Exercise materials -
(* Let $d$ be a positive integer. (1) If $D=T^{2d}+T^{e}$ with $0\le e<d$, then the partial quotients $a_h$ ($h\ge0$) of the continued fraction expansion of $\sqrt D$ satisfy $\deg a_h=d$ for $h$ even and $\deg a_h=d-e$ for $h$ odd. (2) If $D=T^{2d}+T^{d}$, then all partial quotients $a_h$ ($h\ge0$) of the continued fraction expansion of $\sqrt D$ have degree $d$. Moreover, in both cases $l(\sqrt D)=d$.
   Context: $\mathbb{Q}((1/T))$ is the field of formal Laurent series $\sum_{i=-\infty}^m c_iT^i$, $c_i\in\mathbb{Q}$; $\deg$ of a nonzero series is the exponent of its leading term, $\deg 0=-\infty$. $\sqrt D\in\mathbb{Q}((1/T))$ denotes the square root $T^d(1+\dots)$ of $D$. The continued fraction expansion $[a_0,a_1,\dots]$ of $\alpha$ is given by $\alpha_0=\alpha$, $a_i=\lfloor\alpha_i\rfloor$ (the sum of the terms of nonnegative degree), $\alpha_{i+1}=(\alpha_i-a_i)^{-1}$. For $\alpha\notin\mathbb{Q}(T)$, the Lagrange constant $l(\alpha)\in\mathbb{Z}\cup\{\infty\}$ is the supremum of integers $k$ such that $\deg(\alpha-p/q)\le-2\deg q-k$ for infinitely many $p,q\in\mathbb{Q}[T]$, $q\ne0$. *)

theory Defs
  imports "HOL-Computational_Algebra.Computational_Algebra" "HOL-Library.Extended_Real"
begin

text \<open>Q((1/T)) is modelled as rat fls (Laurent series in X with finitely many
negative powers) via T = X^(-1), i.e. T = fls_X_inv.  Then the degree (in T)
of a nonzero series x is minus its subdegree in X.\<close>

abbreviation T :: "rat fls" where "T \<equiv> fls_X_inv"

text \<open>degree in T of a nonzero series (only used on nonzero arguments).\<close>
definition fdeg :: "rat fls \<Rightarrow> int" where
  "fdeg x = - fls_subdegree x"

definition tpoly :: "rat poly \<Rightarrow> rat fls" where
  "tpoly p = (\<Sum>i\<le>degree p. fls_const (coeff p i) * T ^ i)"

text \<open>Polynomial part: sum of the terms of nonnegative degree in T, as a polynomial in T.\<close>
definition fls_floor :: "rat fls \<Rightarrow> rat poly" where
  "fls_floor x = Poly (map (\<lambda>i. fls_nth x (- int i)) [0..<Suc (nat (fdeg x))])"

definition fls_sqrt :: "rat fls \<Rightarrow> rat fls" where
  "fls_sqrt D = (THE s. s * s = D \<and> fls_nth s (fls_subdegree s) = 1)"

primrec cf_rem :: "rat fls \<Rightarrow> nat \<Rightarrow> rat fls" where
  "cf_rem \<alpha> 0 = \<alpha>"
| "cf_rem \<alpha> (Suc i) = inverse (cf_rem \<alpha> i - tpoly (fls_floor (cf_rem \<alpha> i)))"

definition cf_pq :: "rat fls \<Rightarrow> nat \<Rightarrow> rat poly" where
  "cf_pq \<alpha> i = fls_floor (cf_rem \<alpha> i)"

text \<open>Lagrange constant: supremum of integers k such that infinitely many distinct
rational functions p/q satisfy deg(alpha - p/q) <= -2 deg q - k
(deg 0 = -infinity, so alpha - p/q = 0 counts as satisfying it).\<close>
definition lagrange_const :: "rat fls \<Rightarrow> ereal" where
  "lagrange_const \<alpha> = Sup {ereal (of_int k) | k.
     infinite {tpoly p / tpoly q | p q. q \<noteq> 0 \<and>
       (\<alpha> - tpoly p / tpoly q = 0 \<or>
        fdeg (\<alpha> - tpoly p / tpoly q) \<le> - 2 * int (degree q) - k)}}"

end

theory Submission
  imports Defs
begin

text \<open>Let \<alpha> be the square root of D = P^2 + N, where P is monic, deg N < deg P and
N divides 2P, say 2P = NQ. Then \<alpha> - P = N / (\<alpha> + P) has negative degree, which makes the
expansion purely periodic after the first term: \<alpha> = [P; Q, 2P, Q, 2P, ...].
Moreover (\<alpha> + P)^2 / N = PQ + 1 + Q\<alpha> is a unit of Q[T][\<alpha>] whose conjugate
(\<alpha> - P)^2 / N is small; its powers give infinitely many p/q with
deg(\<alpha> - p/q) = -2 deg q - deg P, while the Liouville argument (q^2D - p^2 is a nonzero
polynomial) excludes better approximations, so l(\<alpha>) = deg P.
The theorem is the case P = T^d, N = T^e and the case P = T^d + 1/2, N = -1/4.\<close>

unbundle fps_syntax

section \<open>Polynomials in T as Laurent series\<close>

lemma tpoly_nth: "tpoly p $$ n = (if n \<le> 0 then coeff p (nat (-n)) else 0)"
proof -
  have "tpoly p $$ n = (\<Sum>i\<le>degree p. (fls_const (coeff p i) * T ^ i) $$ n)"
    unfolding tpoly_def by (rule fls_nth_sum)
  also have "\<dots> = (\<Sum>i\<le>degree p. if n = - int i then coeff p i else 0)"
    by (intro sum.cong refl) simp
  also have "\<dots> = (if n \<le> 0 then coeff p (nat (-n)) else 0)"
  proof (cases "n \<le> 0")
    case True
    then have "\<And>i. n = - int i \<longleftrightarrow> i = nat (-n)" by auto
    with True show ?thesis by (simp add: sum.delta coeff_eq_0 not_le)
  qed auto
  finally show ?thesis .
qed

Problem requirements - All of the records above are to be printed again exactly as they appear.

Solution for this task -
(* Let $d$ be a positive integer. (1) If $D=T^{2d}+T^{e}$ with $0\le e<d$, then the partial quotients $a_h$ ($h\ge0$) of the continued fraction expansion of $\sqrt D$ satisfy $\deg a_h=d$ for $h$ even and $\deg a_h=d-e$ for $h$ odd. (2) If $D=T^{2d}+T^{d}$, then all partial quotients $a_h$ ($h\ge0$) of the continued fraction expansion of $\sqrt D$ have degree $d$. Moreover, in both cases $l(\sqrt D)=d$.
   Context: $\mathbb{Q}((1/T))$ is the field of formal Laurent series $\sum_{i=-\infty}^m c_iT^i$, $c_i\in\mathbb{Q}$; $\deg$ of a nonzero series is the exponent of its leading term, $\deg 0=-\infty$. $\sqrt D\in\mathbb{Q}((1/T))$ denotes the square root $T^d(1+\dots)$ of $D$. The continued fraction expansion $[a_0,a_1,\dots]$ of $\alpha$ is given by $\alpha_0=\alpha$, $a_i=\lfloor\alpha_i\rfloor$ (the sum of the terms of nonnegative degree), $\alpha_{i+1}=(\alpha_i-a_i)^{-1}$. For $\alpha\notin\mathbb{Q}(T)$, the Lagrange constant $l(\alpha)\in\mathbb{Z}\cup\{\infty\}$ is the supremum of integers $k$ such that $\deg(\alpha-p/q)\le-2\deg q-k$ for infinitely many $p,q\in\mathbb{Q}[T]$, $q\ne0$. *)

theory Defs
  imports "HOL-Computational_Algebra.Computational_Algebra" "HOL-Library.Extended_Real"
begin

text \<open>Q((1/T)) is modelled as rat fls (Laurent series in X with finitely many
negative powers) via T = X^(-1), i.e. T = fls_X_inv.  Then the degree (in T)
of a nonzero series x is minus its subdegree in X.\<close>

abbreviation T :: "rat fls" where "T \<equiv> fls_X_inv"

text \<open>degree in T of a nonzero series (only used on nonzero arguments).\<close>
definition fdeg :: "rat fls \<Rightarrow> int" where
  "fdeg x = - fls_subdegree x"

definition tpoly :: "rat poly \<Rightarrow> rat fls" where
  "tpoly p = (\<Sum>i\<le>degree p. fls_const (coeff p i) * T ^ i)"

text \<open>Polynomial part: sum of the terms of nonnegative degree in T, as a polynomial in T.\<close>
definition fls_floor :: "rat fls \<Rightarrow> rat poly" where
  "fls_floor x = Poly (map (\<lambda>i. fls_nth x (- int i)) [0..<Suc (nat (fdeg x))])"

definition fls_sqrt :: "rat fls \<Rightarrow> rat fls" where
  "fls_sqrt D = (THE s. s * s = D \<and> fls_nth s (fls_subdegree s) = 1)"

primrec cf_rem :: "rat fls \<Rightarrow> nat \<Rightarrow> rat fls" where
  "cf_rem \<alpha> 0 = \<alpha>"
| "cf_rem \<alpha> (Suc i) = inverse (cf_rem \<alpha> i - tpoly (fls_floor (cf_rem \<alpha> i)))"

definition cf_pq :: "rat fls \<Rightarrow> nat \<Rightarrow> rat poly" where
  "cf_pq \<alpha> i = fls_floor (cf_rem \<alpha> i)"

text \<open>Lagrange constant: supremum of integers k such that infinitely many distinct
rational functions p/q satisfy deg(alpha - p/q) <= -2 deg q - k
(deg 0 = -infinity, so alpha - p/q = 0 counts as satisfying it).\<close>
definition lagrange_const :: "rat fls \<Rightarrow> ereal" where
  "lagrange_const \<alpha> = Sup {ereal (of_int k) | k.
     infinite {tpoly p / tpoly q | p q. q \<noteq> 0 \<and>
       (\<alpha> - tpoly p / tpoly q = 0 \<or>
        fdeg (\<alpha> - tpoly p / tpoly q) \<le> - 2 * int (degree q) - k)}}"

end

theory Submission
  imports Defs
begin

text \<open>Let \<alpha> be the square root of D = P^2 + N, where P is monic, deg N < deg P and
N divides 2P, say 2P = NQ. Then \<alpha> - P = N / (\<alpha> + P) has negative degree, which makes the
expansion purely periodic after the first term: \<alpha> = [P; Q, 2P, Q, 2P, ...].
Moreover (\<alpha> + P)^2 / N = PQ + 1 + Q\<alpha> is a unit of Q[T][\<alpha>] whose conjugate
(\<alpha> - P)^2 / N is small; its powers give infinitely many p/q with
deg(\<alpha> - p/q) = -2 deg q - deg P, while the Liouville argument (q^2D - p^2 is a nonzero
polynomial) excludes better approximations, so l(\<alpha>) = deg P.
The theorem is the case P = T^d, N = T^e and the case P = T^d + 1/2, N = -1/4.\<close>

unbundle fps_syntax

section \<open>Polynomials in T as Laurent series\<close>

lemma tpoly_nth: "tpoly p $$ n = (if n \<le> 0 then coeff p (nat (-n)) else 0)"
proof -
  have "tpoly p $$ n = (\<Sum>i\<le>degree p. (fls_const (coeff p i) * T ^ i) $$ n)"
    unfolding tpoly_def by (rule fls_nth_sum)
  also have "\<dots> = (\<Sum>i\<le>degree p. if n = - int i then coeff p i else 0)"
    by (intro sum.cong refl) simp
  also have "\<dots> = (if n \<le> 0 then coeff p (nat (-n)) else 0)"
  proof (cases "n \<le> 0")
    case True
    then have "\<And>i. n = - int i \<longleftrightarrow> i = nat (-n)" by auto
    with True show ?thesis by (simp add: sum.delta coeff_eq_0 not_le)
  qed auto
  finally show ?thesis .
qed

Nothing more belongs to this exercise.